= What to produce =
From the first line through the last, transcribe the listing word for word.

= Task input =
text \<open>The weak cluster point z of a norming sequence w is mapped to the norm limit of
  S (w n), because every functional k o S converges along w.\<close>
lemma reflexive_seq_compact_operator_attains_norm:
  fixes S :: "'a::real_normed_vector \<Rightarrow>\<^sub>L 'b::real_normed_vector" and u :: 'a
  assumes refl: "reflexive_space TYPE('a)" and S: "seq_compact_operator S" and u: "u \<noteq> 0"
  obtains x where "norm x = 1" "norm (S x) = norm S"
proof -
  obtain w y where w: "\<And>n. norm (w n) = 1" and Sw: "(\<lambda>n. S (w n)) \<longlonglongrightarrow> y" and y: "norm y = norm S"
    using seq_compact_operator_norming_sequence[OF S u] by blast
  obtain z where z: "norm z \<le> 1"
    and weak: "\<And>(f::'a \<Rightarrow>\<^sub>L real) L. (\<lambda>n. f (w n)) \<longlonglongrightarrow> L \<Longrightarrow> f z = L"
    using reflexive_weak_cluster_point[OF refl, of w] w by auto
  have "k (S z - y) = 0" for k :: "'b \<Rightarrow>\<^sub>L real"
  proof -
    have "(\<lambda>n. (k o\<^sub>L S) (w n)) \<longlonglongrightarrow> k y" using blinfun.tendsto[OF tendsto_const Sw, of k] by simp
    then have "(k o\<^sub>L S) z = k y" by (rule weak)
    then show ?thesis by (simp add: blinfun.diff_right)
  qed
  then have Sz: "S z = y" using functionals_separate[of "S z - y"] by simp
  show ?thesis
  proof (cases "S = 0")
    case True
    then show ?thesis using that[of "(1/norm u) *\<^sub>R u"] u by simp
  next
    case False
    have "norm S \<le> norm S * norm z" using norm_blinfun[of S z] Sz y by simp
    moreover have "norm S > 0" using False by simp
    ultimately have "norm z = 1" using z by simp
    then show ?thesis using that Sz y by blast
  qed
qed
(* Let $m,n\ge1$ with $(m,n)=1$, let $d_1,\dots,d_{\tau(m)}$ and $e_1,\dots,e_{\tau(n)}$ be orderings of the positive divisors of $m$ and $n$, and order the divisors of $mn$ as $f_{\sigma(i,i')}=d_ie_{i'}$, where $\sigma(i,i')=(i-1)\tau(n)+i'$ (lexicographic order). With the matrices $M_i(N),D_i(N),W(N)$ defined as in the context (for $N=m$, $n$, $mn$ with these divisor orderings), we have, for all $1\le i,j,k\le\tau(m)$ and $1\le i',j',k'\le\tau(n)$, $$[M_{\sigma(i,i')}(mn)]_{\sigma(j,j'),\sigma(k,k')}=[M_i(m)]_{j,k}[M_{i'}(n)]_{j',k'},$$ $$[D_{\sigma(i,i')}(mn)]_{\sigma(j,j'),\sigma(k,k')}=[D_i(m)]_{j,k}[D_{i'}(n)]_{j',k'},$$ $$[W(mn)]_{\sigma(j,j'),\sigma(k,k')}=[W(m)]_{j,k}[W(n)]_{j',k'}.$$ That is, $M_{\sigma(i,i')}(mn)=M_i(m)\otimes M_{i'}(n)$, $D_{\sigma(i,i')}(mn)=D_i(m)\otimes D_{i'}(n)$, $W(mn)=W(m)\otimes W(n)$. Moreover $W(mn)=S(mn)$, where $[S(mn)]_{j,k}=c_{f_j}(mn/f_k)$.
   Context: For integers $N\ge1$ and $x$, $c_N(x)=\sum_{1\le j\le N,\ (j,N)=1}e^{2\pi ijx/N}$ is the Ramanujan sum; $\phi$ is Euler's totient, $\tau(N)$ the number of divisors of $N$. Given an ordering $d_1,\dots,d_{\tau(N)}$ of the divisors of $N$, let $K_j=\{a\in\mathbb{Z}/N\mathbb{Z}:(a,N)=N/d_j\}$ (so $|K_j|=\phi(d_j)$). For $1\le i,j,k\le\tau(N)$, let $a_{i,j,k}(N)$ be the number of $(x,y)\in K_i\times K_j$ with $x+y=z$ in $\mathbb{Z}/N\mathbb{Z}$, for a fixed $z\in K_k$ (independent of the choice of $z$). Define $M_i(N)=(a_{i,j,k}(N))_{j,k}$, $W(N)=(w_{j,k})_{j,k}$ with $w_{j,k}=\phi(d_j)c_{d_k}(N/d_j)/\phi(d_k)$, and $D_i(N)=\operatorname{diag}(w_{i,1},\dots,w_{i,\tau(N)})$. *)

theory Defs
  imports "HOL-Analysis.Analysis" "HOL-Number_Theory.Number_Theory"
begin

= The completed task =
text \<open>The weak cluster point z of a norming sequence w is mapped to the norm limit of
  S (w n), because every functional k o S converges along w.\<close>
lemma reflexive_seq_compact_operator_attains_norm:
  fixes S :: "'a::real_normed_vector \<Rightarrow>\<^sub>L 'b::real_normed_vector" and u :: 'a
  assumes refl: "reflexive_space TYPE('a)" and S: "seq_compact_operator S" and u: "u \<noteq> 0"
  obtains x where "norm x = 1" "norm (S x) = norm S"
proof -
  obtain w y where w: "\<And>n. norm (w n) = 1" and Sw: "(\<lambda>n. S (w n)) \<longlonglongrightarrow> y" and y: "norm y = norm S"
    using seq_compact_operator_norming_sequence[OF S u] by blast
  obtain z where z: "norm z \<le> 1"
    and weak: "\<And>(f::'a \<Rightarrow>\<^sub>L real) L. (\<lambda>n. f (w n)) \<longlonglongrightarrow> L \<Longrightarrow> f z = L"
    using reflexive_weak_cluster_point[OF refl, of w] w by auto
  have "k (S z - y) = 0" for k :: "'b \<Rightarrow>\<^sub>L real"
  proof -
    have "(\<lambda>n. (k o\<^sub>L S) (w n)) \<longlonglongrightarrow> k y" using blinfun.tendsto[OF tendsto_const Sw, of k] by simp
    then have "(k o\<^sub>L S) z = k y" by (rule weak)
    then show ?thesis by (simp add: blinfun.diff_right)
  qed
  then have Sz: "S z = y" using functionals_separate[of "S z - y"] by simp
  show ?thesis
  proof (cases "S = 0")
    case True
    then show ?thesis using that[of "(1/norm u) *\<^sub>R u"] u by simp
  next
    case False
    have "norm S \<le> norm S * norm z" using norm_blinfun[of S z] Sz y by simp
    moreover have "norm S > 0" using False by simp
    ultimately have "norm z = 1" using z by simp
    then show ?thesis using that Sz y by blast
  qed
qed
(* Let $m,n\ge1$ with $(m,n)=1$, let $d_1,\dots,d_{\tau(m)}$ and $e_1,\dots,e_{\tau(n)}$ be orderings of the positive divisors of $m$ and $n$, and order the divisors of $mn$ as $f_{\sigma(i,i')}=d_ie_{i'}$, where $\sigma(i,i')=(i-1)\tau(n)+i'$ (lexicographic order). With the matrices $M_i(N),D_i(N),W(N)$ defined as in the context (for $N=m$, $n$, $mn$ with these divisor orderings), we have, for all $1\le i,j,k\le\tau(m)$ and $1\le i',j',k'\le\tau(n)$, $$[M_{\sigma(i,i')}(mn)]_{\sigma(j,j'),\sigma(k,k')}=[M_i(m)]_{j,k}[M_{i'}(n)]_{j',k'},$$ $$[D_{\sigma(i,i')}(mn)]_{\sigma(j,j'),\sigma(k,k')}=[D_i(m)]_{j,k}[D_{i'}(n)]_{j',k'},$$ $$[W(mn)]_{\sigma(j,j'),\sigma(k,k')}=[W(m)]_{j,k}[W(n)]_{j',k'}.$$ That is, $M_{\sigma(i,i')}(mn)=M_i(m)\otimes M_{i'}(n)$, $D_{\sigma(i,i')}(mn)=D_i(m)\otimes D_{i'}(n)$, $W(mn)=W(m)\otimes W(n)$. Moreover $W(mn)=S(mn)$, where $[S(mn)]_{j,k}=c_{f_j}(mn/f_k)$.
   Context: For integers $N\ge1$ and $x$, $c_N(x)=\sum_{1\le j\le N,\ (j,N)=1}e^{2\pi ijx/N}$ is the Ramanujan sum; $\phi$ is Euler's totient, $\tau(N)$ the number of divisors of $N$. Given an ordering $d_1,\dots,d_{\tau(N)}$ of the divisors of $N$, let $K_j=\{a\in\mathbb{Z}/N\mathbb{Z}:(a,N)=N/d_j\}$ (so $|K_j|=\phi(d_j)$). For $1\le i,j,k\le\tau(N)$, let $a_{i,j,k}(N)$ be the number of $(x,y)\in K_i\times K_j$ with $x+y=z$ in $\mathbb{Z}/N\mathbb{Z}$, for a fixed $z\in K_k$ (independent of the choice of $z$). Define $M_i(N)=(a_{i,j,k}(N))_{j,k}$, $W(N)=(w_{j,k})_{j,k}$ with $w_{j,k}=\phi(d_j)c_{d_k}(N/d_j)/\phi(d_k)$, and $D_i(N)=\operatorname{diag}(w_{i,1},\dots,w_{i,\tau(N)})$. *)

theory Defs
  imports "HOL-Analysis.Analysis" "HOL-Number_Theory.Number_Theory"
begin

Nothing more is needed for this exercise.